Build Model

In [None]:
import pandas as pd
import numpy as np
from sklearn.model_selection import train_test_split
from sklearn.linear_model import LinearRegression
from sklearn.metrics import mean_squared_error, r2_score

In [None]:
sales_per_day_per_store=pd.read_csv("sales_per_day_per_store.csv")

In [None]:
# Convert 'date' to datetime and extract additional features
sales_per_day_per_store['date'] = pd.to_datetime(sales_per_day_per_store['date'])
sales_per_day_per_store['day'] = sales_per_day_per_store['date'].dt.day
sales_per_day_per_store['month'] = sales_per_day_per_store['date'].dt.month
sales_per_day_per_store['weekday'] = sales_per_day_per_store['date'].dt.weekday

# Drop the 'date' column since it's no longer needed
sales_per_day_per_store.drop(columns=['date'], inplace=True)

# One-hot encode categorical variables ('city', 'state', 'type')
sales_per_day_per_store = pd.get_dummies(sales_per_day_per_store, columns=['city', 'state', 'type','is_holiday'], drop_first=True)

In [None]:
# Define target variable (y) and features (X)
X = sales_per_day_per_store.drop(columns=['sales','transactions'])
y = sales_per_day_per_store['sales']

# First, split 70% of the data into training, and 30% into validation and test sets
X_train, X_temp, y_train, y_temp = train_test_split(X, y, test_size=0.3, random_state=42)
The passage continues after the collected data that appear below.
(* Consider the uplink system and problem in the context, with the antenna-moving-region constraints $0\le x_m\le x_{\max}$, $0\le y_n\le y_{\max}$ omitted, and suppose each user has a single channel path. If $K(K-1)/2\le I_M+I_N$, where $I_M$ and $I_N$ denote the total number of prime factors (counted with multiplicity) of $M$ and $N$ respectively, then the lower bound $p_k\ge\bar p_k:=\frac{\sigma^2(2^{r_k}-1)}{MN|b_k|^2}$ ($1\le k\le K$) valid for all feasible points is tight: there exist feasible $(\mathbf{x},\mathbf{y},\mathbf{W},\mathbf{p})$ with $p_k=\bar p_k$ for all $k$ (so the minimum total transmit power equals $\sum_k\bar p_k$).
   Context: A base station has a cross-linked movable antenna array with $M$ columns and $N$ rows; horizontal APV $\mathbf{x}=[x_1,\dots,x_M]^{\mathrm T}\in\mathbb{R}^M$, vertical APV $\mathbf{y}=[y_1,\dots,y_N]^{\mathrm T}\in\mathbb{R}^N$, antenna $(m,n)$ at $(x_m,y_n)$. $K$ single-antenna users; user $k$ has a single path with complex coefficient $b_k\ne0$ and virtual angles $\vartheta_k,\varphi_k\in[-1,1]$, where different users have distinct virtual angles: $\vartheta_k\ne\vartheta_q$ and $\varphi_k\ne\varphi_q$ for $k\ne q$. With wavelength $\lambda>0$, the channel is $\mathbf{h}_k(\mathbf{x},\mathbf{y})=b_k\,\mathbf{a}^{\mathrm{hor}}_k(\mathbf{x})\otimes\mathbf{a}^{\mathrm{ver}}_k(\mathbf{y})$, with $\mathbf{a}^{\mathrm{hor}}_k(\mathbf{x})=[e^{-\mathrm{j}\frac{2\pi}{\lambda}x_m\vartheta_k}]_{m=1}^M$ and $\mathbf{a}^{\mathrm{ver}}_k(\mathbf{y})=[e^{-\mathrm{j}\frac{2\pi}{\lambda}y_n\varphi_k}]_{n=1}^N$. With combining matrix $\mathbf{W}=[\mathbf{w}_1,\dots,\mathbf{w}_K]\in\mathbb{C}^{MN\times K}$, powers $p_k$, noise power $\sigma^2>0$, the SINR of user $k$ is $\gamma_k=\frac{|\mathbf{w}_k^{\mathrm H}\mathbf{h}_k|^2p_k}{\sum_{q\ne k}|\mathbf{w}_k^{\mathrm H}\mathbf{h}_q|^2p_q+\|\mathbf{w}_k\|_2^2\sigma^2}$. Feasibility means: $\log_2(1+\gamma_k)\ge r_k$, $p_k\ge0$ for all $k$ (given $r_k\ge0$), $x_{m+1}-x_m\ge d_{\min,x}$ for $1\le m\le M-1$, $y_{n+1}-y_n\ge d_{\min,y}$ for $1\le n\le N-1$, with given $d_{\min,x},d_{\min,y}>0$. The objective is to minimize $\sum_k p_k$. *)

theory Defs
  imports Complex_Main "HOL-Computational_Algebra.Primes"
begin

text \<open>Antenna (m,n), 0-based: m < M (column), n < N (row). Users k < K (0-based).
  Vectors in C^{MN} are indexed by pairs (m,n); the Kronecker ordering is irrelevant
  for inner products and norms.\<close>

definition chan :: "real \<Rightarrow> (nat \<Rightarrow> complex) \<Rightarrow> (nat \<Rightarrow> real) \<Rightarrow> (nat \<Rightarrow> real)
    \<Rightarrow> (nat \<Rightarrow> real) \<Rightarrow> (nat \<Rightarrow> real) \<Rightarrow> nat \<Rightarrow> nat \<times> nat \<Rightarrow> complex" where
  "chan lam b theta phi x y k mn =
     b k * cis (- 2 * pi / lam * x (fst mn) * theta k) * cis (- 2 * pi / lam * y (snd mn) * phi k)"

definition cinner :: "nat \<Rightarrow> nat \<Rightarrow> (nat \<times> nat \<Rightarrow> complex) \<Rightarrow> (nat \<times> nat \<Rightarrow> complex) \<Rightarrow> complex" where
  "cinner M N w h = (\<Sum>m<M. \<Sum>n<N. cnj (w (m, n)) * h (m, n))"

definition cnormsq :: "nat \<Rightarrow> nat \<Rightarrow> (nat \<times> nat \<Rightarrow> complex) \<Rightarrow> real" where
  "cnormsq M N w = (\<Sum>m<M. \<Sum>n<N. (cmod (w (m, n)))\<^sup>2)"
# Now, split the remaining 30% into 50% validation and 50% test (which equals 15% each of the total data)
X_valid, X_test, y_valid, y_test = train_test_split(X_temp, y_temp, test_size=0.5, random_state=42)

In [None]:
from sklearn.preprocessing import StandardScaler

# Assuming you have fitted a scaler on the training data
scaler = StandardScaler()
X_train_scaled = scaler.fit_transform(X_train)  # Fit on training data
X_valid_scaled = scaler.transform(X_valid)  # Transform validation data using the same scaler
X_test_scaled = scaler.transform(X_test)  # Transform test data using the same scaler

In [None]:
from sklearn.linear_model import LinearRegression

# Re-initialize and re-train the model
model = LinearRegression()
model.fit(X_train_scaled, y_train)  # Train on scaled data

# Make predictions again
y_valid_pred = model.predict(X_valid_scaled)

In [None]:
# Check the predictions
y_train_pred = model.predict(X_train_scaled)
y_valid_pred = model.predict(X_valid_scaled)
y_test_pred = model.predict(X_test_scaled)

In [None]:
def rmsle(y_true, y_pred):
    """
    Calculate Root Mean Squared Logarithmic Error (RMSLE).
    
    Parameters:
    y_true (array-like): Actual values
    y_pred (array-like): Predicted values
    
    Returns:
    float: RMSLE score
    """
    # Convert inputs to numpy arrays
    y_true = np.array(y_true)
    y_pred = np.array(y_pred)
    
    # Compute the logarithm of (1 + values)
    log_true = np.log1p(1+y_true)
    log_pred = np.log1p(1+y_pred)
    
    # Compute squared error
    squared_error = (log_pred - log_true) ** 2
    
    # Compute mean and return the root mean squared logarithmic error
    return np.sqrt(np.mean(squared_error))

In [None]:
# Calculate MSE and R-squared for the validation set
y_valid_pred = np.maximum(0, y_valid_pred)  # Clip negative values to zero
mse_valid = rmsle(y_valid, y_valid_pred)
r2_valid = r2_score(y_valid, y_valid_pred)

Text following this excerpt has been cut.